Наступило время христианского нового года, и я отправился в караул. По дороге проходили мимо редакции, где продавались газеты. Мне захотелось купить газету, чтобы узнать новости. К редакции нельзя было протолкнуться, там была большая толпа, большей частью солдаты, а также женщины, чьи мужья были солдатами запаса, которым суждено было со дня на день расстаться со своими семьями и ехать на войну.

Я все же пробился и купил газету, и там таки были новости, имевшие к нам отношение. Мы пришли в караульное помещение и начали читать газету. В ней писалось, что Япония потопила наши российские корабли, а Англия передала Японии много военных кораблей. Из газеты я узнал, что Япония готовилась к этой войне 25 лет, ибо она знала, что для ведения войны с Россией надо обладать очень большими резервами и что по сравнению с Россией она что комар против льва. Сообщалось также, что Англия очень настраивает Японию на войну с Россией. Японцы, живущие в Порт-Артуре, уже покидают город, некоторые японские корабли несколько раз приближались к Порт-Артуру. Писалось, что из всех войн, которые вела Россия, предстоящая с Японией будет самой большой. Можно себе представить что творилось у нас на сердце, узнав такую новость.

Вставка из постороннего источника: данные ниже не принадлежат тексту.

definition connection_graph ::
  "('v::finite \<Rightarrow> 'v \<Rightarrow> real) \<Rightarrow> ('v \<Rightarrow> 'v \<Rightarrow> real^'d^'d) \<Rightarrow> bool" where
  "connection_graph w \<sigma> \<longleftrightarrow>
     (\<forall>i j. w i j \<ge> 0) \<and> (\<forall>i j. w i j = w j i) \<and> (\<forall>i. w i i = 0) \<and>
     (\<forall>i j. (i, j) \<in> {(a, b). w a b > 0}\<^sup>*) \<and>
     (\<forall>i j. w i j > 0 \<longrightarrow> orthogonal_matrix (\<sigma> i j) \<and> \<sigma> j i = transpose (\<sigma> i j))"

definition conn_laplacian ::
  "('v::finite \<Rightarrow> 'v \<Rightarrow> real) \<Rightarrow> ('v \<Rightarrow> 'v \<Rightarrow> real^'d^'d) \<Rightarrow> ('v \<Rightarrow> real^'d^'d) \<Rightarrow> 'v \<Rightarrow> real^'d^'d" where
  "conn_laplacian w \<sigma> f i = (\<Sum>j\<in>{j. w i j > 0}. w i j *\<^sub>R (f i - \<sigma> i j ** f j))"

text \<open>Probability that the simple random walk started at hd xs follows the path xs
  (for its first length xs - 1 steps): product of w_{ab}/deg(a) over consecutive pairs.\<close>
fun path_prob :: "('v::finite \<Rightarrow> 'v \<Rightarrow> real) \<Rightarrow> 'v list \<Rightarrow> real" where
  "path_prob w (a # b # xs) = (w a b / deg w a) * path_prob w (b # xs)"
| "path_prob w _ = 1"

fun path_sig :: "('v \<Rightarrow> 'v \<Rightarrow> real^'d^'d) \<Rightarrow> 'v list \<Rightarrow> real^'d^'d" where
  "path_sig \<sigma> (a # b # xs) = \<sigma> a b ** path_sig \<sigma> (b # xs)"
| "path_sig \<sigma> _ = mat 1"

text \<open>Paths (X_0,...,X_T) of the walk started at i, stopped at T = T^s_j = inf{t >= s. X_t = j}:
  nonempty lists starting at i, ending at j, of length >= s+1, not visiting j at times
  s <= t < T.\<close>
definition hit_paths :: "nat \<Rightarrow> 'v \<Rightarrow> 'v \<Rightarrow> 'v list set" where
  "hit_paths s i j = {xs. xs \<noteq> [] \<and> hd xs = i \<and> last xs = j \<and> s + 1 \<le> length xs \<and>
      (\<forall>t. s \<le> t \<and> t < length xs - 1 \<longrightarrow> xs ! t \<noteq> j)}"

text \<open>Mean path signature Omega^s_ij = E^i[prod_{l=1}^{T^s_j} sigma_{X_{l-1} X_l}],
  the expectation written as the sum over the (countably many) possible stopped paths.\<close>
definition mean_path_sig ::
  "('v::finite \<Rightarrow> 'v \<Rightarrow> real) \<Rightarrow> ('v \<Rightarrow> 'v \<Rightarrow> real^'d^'d) \<Rightarrow> nat \<Rightarrow> 'v \<Rightarrow> 'v \<Rightarrow> real^'d^'d" where
  "mean_path_sig w \<sigma> s i j = infsum (\<lambda>xs. path_prob w xs *\<^sub>R path_sig \<sigma> xs) (hit_paths s i j)"

end

theory Submission
  imports Defs
begin

text \<open>Fix \<open>j\<close> and write \<open>\<Omega>\<^sub>k\<close> for \<open>mean_path_sig w \<sigma> 0 k j\<close> and \<open>p\<^sub>k\<^sub>l = w\<^sub>k\<^sub>l / deg k\<close>.
  Conditioning on the first step of the walk gives \<open>\<Omega>\<^sub>k = (\<Sum>l. p\<^sub>k\<^sub>l \<sigma>\<^sub>k\<^sub>l \<Omega>\<^sub>l)\<close> for \<open>k \<noteq> j\<close>,
  and \<open>\<Omega>\<^sub>j = I\<close>; a function annihilated by the connection Laplacian satisfies the same
  mean-value identity \<open>f k = (\<Sum>l. p\<^sub>k\<^sub>l \<sigma>\<^sub>k\<^sub>l f l)\<close>. So every column \<open>u\<close> of
  \<open>f k - \<Omega>\<^sub>k f j\<close> satisfies \<open>u k = (\<Sum>l. p\<^sub>k\<^sub>l \<sigma>\<^sub>k\<^sub>l u l)\<close> off \<open>j\<close> and vanishes at \<open>j\<close>.
  As the \<open>\<sigma>\<^sub>k\<^sub>l\<close> are orthogonal, \<open>norm u\<close> is sub-mean-value off \<open>j\<close>, and by the maximum
  principle on the connected graph it is maximal at \<open>j\<close>, where it is \<open>0\<close>.
  The series defining \<open>\<Omega>\<close> converges absolutely because hitting probabilities sum to at most
  \<open>1\<close> and products of orthogonal matrices are bounded.\<close>

lemma norm_orthogonal_matrix_vector:
  fixes Q :: "real^'n^'n"
  assumes "orthogonal_matrix Q"
  shows "norm (Q *v x) = norm x"
proof -
  have "orthogonal_transformation ((*v) Q)"
    using assms by (simp add: orthogonal_transformation_matrix)
  then show ?thesis by (simp add: orthogonal_transformation)
qed

lemma norm_orthogonal_combination_le:
  fixes Q :: "'a \<Rightarrow> real^'n^'n"
  assumes "\<forall>l\<in>S. 0 \<le> c l" and "\<forall>l\<in>S. c l \<noteq> 0 \<longrightarrow> orthogonal_matrix (Q l)"
  shows "norm (\<Sum>l\<in>S. c l *\<^sub>R (Q l *v x l)) \<le> (\<Sum>l\<in>S. c l * norm (x l))"
proof -
  have "norm (\<Sum>l\<in>S. c l *\<^sub>R (Q l *v x l)) \<le> (\<Sum>l\<in>S. norm (c l *\<^sub>R (Q l *v x l)))"
    by (rule norm_sum)
  also have "\<dots> = (\<Sum>l\<in>S. c l * norm (x l))"
    using assms by (intro sum.cong refl) (auto simp: norm_orthogonal_matrix_vector)
  finally show ?thesis .
qed

lemma norm_orthogonal_matrix_le:
  fixes Q :: "real^'n^'n"
  assumes "orthogonal_matrix Q"
  shows "norm Q \<le> CARD('n)"
proof -
  have "norm (Q $ i) = 1" for i
    using assms by (simp add: orthogonal_matrix_orthonormal_rows row_def)
  moreover have "norm Q \<le> (\<Sum>i\<in>UNIV. norm (Q $ i))"
    by (simp add: norm_vec_def L2_set_le_sum)
  ultimately show ?thesis by simp
qed

lemma bounded_linear_matrix_mult_left: "bounded_linear (\<lambda>X::real^'n^'m. (A::real^'m^'k) ** X)"
  unfolding linear_conv_bounded_linear[symmetric]
  by (rule linearI) (simp_all add: matrix_add_ldistrib matrix_scalar_ac scalar_matrix_assoc)

lemma matrix_mult_scaleR_right: "(A::real^'m^'k) ** (c *\<^sub>R (B::real^'n^'m)) = c *\<^sub>R (A ** B)"
  by (simp add: matrix_scalar_ac scalar_matrix_assoc)

lemma sum_matrix_vector_mult: "(\<Sum>l\<in>S. F l :: real^'n^'m) *v x = (\<Sum>l\<in>S. F l *v x)"
  by (induction S rule: infinite_finite_induct) (simp_all add: matrix_vector_mult_add_rdistrib)

lemma weighted_sum_matrix_mult_vector:
  "(\<Sum>l\<in>S. c l *\<^sub>R (A l ** (B l :: real^'n^'m))) *v x = (\<Sum>l\<in>S. c l *\<^sub>R (A l *v (B l *v x)))"
  by (simp add: sum_matrix_vector_mult scaleR_matrix_vector_assoc matrix_vector_mul_assoc)

lemma hit_paths_hd: "xs \<in> hit_paths s i j \<Longrightarrow> xs \<noteq> [] \<and> hd xs = i"
  by (simp add: hit_paths_def)

lemma hit_paths_0_self: "hit_paths 0 j j = {[j]}"
proof (rule set_eqI, rule iffI)
  fix xs assume "xs \<in> hit_paths 0 j j"
  hence xs: "xs \<noteq> []" "hd xs = j" "\<forall>t. t < length xs - 1 \<longrightarrow> xs ! t \<noteq> j"
    by (auto simp: hit_paths_def)
  have "length xs = 1"
    using xs(3)[rule_format, of 0] xs(1,2) by (cases xs) (auto simp: hd_conv_nth)
  then show "xs \<in> {[j]}" using xs by (cases xs) auto
qed (auto simp: hit_paths_def)

lemma hit_paths_0_first_step:
  assumes "i \<noteq> j"
  shows "hit_paths 0 i j = (\<Union>k. Cons i ` hit_paths 0 k j)"
proof (rule set_eqI, rule iffI)
  fix xs assume "xs \<in> hit_paths 0 i j"
  hence xs: "xs \<noteq> []" "hd xs = i" "last xs = j" "\<forall>t. t < length xs - 1 \<longrightarrow> xs ! t \<noteq> j"
    by (auto simp: hit_paths_def)
  then obtain ys where xs_eq: "xs = i # ys" by (cases xs) auto
  have "ys \<noteq> []" using xs(3) xs_eq assms by auto
  have "ys \<in> hit_paths 0 (hd ys) j"
    unfolding hit_paths_def
  proof (intro CollectI conjI allI impI)
    fix t assume "0 \<le> t \<and> t < length ys - 1"
    then show "ys ! t \<noteq> j" using xs(4)[rule_format, of "Suc t"] xs_eq by auto
  qed (use \<open>ys \<noteq> []\<close> xs(3) xs_eq in \<open>auto simp: Suc_le_eq\<close>)
  then show "xs \<in> (\<Union>k. Cons i ` hit_paths 0 k j)" using xs_eq by blast
next
  fix xs assume "xs \<in> (\<Union>k. Cons i ` hit_paths 0 k j)"
  then obtain k ys where xs_eq: "xs = i # ys" and "ys \<in> hit_paths 0 k j" by blast
  hence ys: "ys \<noteq> []" "last ys = j" "\<forall>t. t < length ys - 1 \<longrightarrow> ys ! t \<noteq> j"
    by (auto simp: hit_paths_def)
  show "xs \<in> hit_paths 0 i j"
    unfolding hit_paths_def
  proof (intro CollectI conjI allI impI)
    fix t assume "0 \<le> t \<and> t < length xs - 1"
    then show "xs ! t \<noteq> j" using ys xs_eq assms by (cases t) auto
  qed (use xs_eq ys in auto)
qed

Мы провели в карауле сутки. В 12 часов следующего дня нас сменили, и мы пошли в казарму. Идя по улице, увидели группы людей, обсуждавших предстоящие события.

В казарме мы застали ротного командира вместе с батальонным, вся рота была построена. Мы еще не успели снять подсумки с патронами, как нам приказали стать в строй.

Ко мне подошел ротный командир и спросил не хочу ли я поехать на Дальний Восток. Я не знал что ему ответить, сердце сильно начало стучать. Я подумал, что поездки на Дальний Восток мне не избежать, и ротному ответил, что добровольно ехать не хочу, но если мне прикажут, то обязательно это сделаю. Тут ротный обратился к батальонному командиру, что поскольку надо отобрать 5 человек из нашей роты ,а добровольно никто ехать не желает, то более правильно будет тащить жребий, и поедет тот, кому выпадет счастье. Батальонный согласился, что так будет вернее. Сразу же заготовили бумажки и стали испытывать свою счастливую судьбу.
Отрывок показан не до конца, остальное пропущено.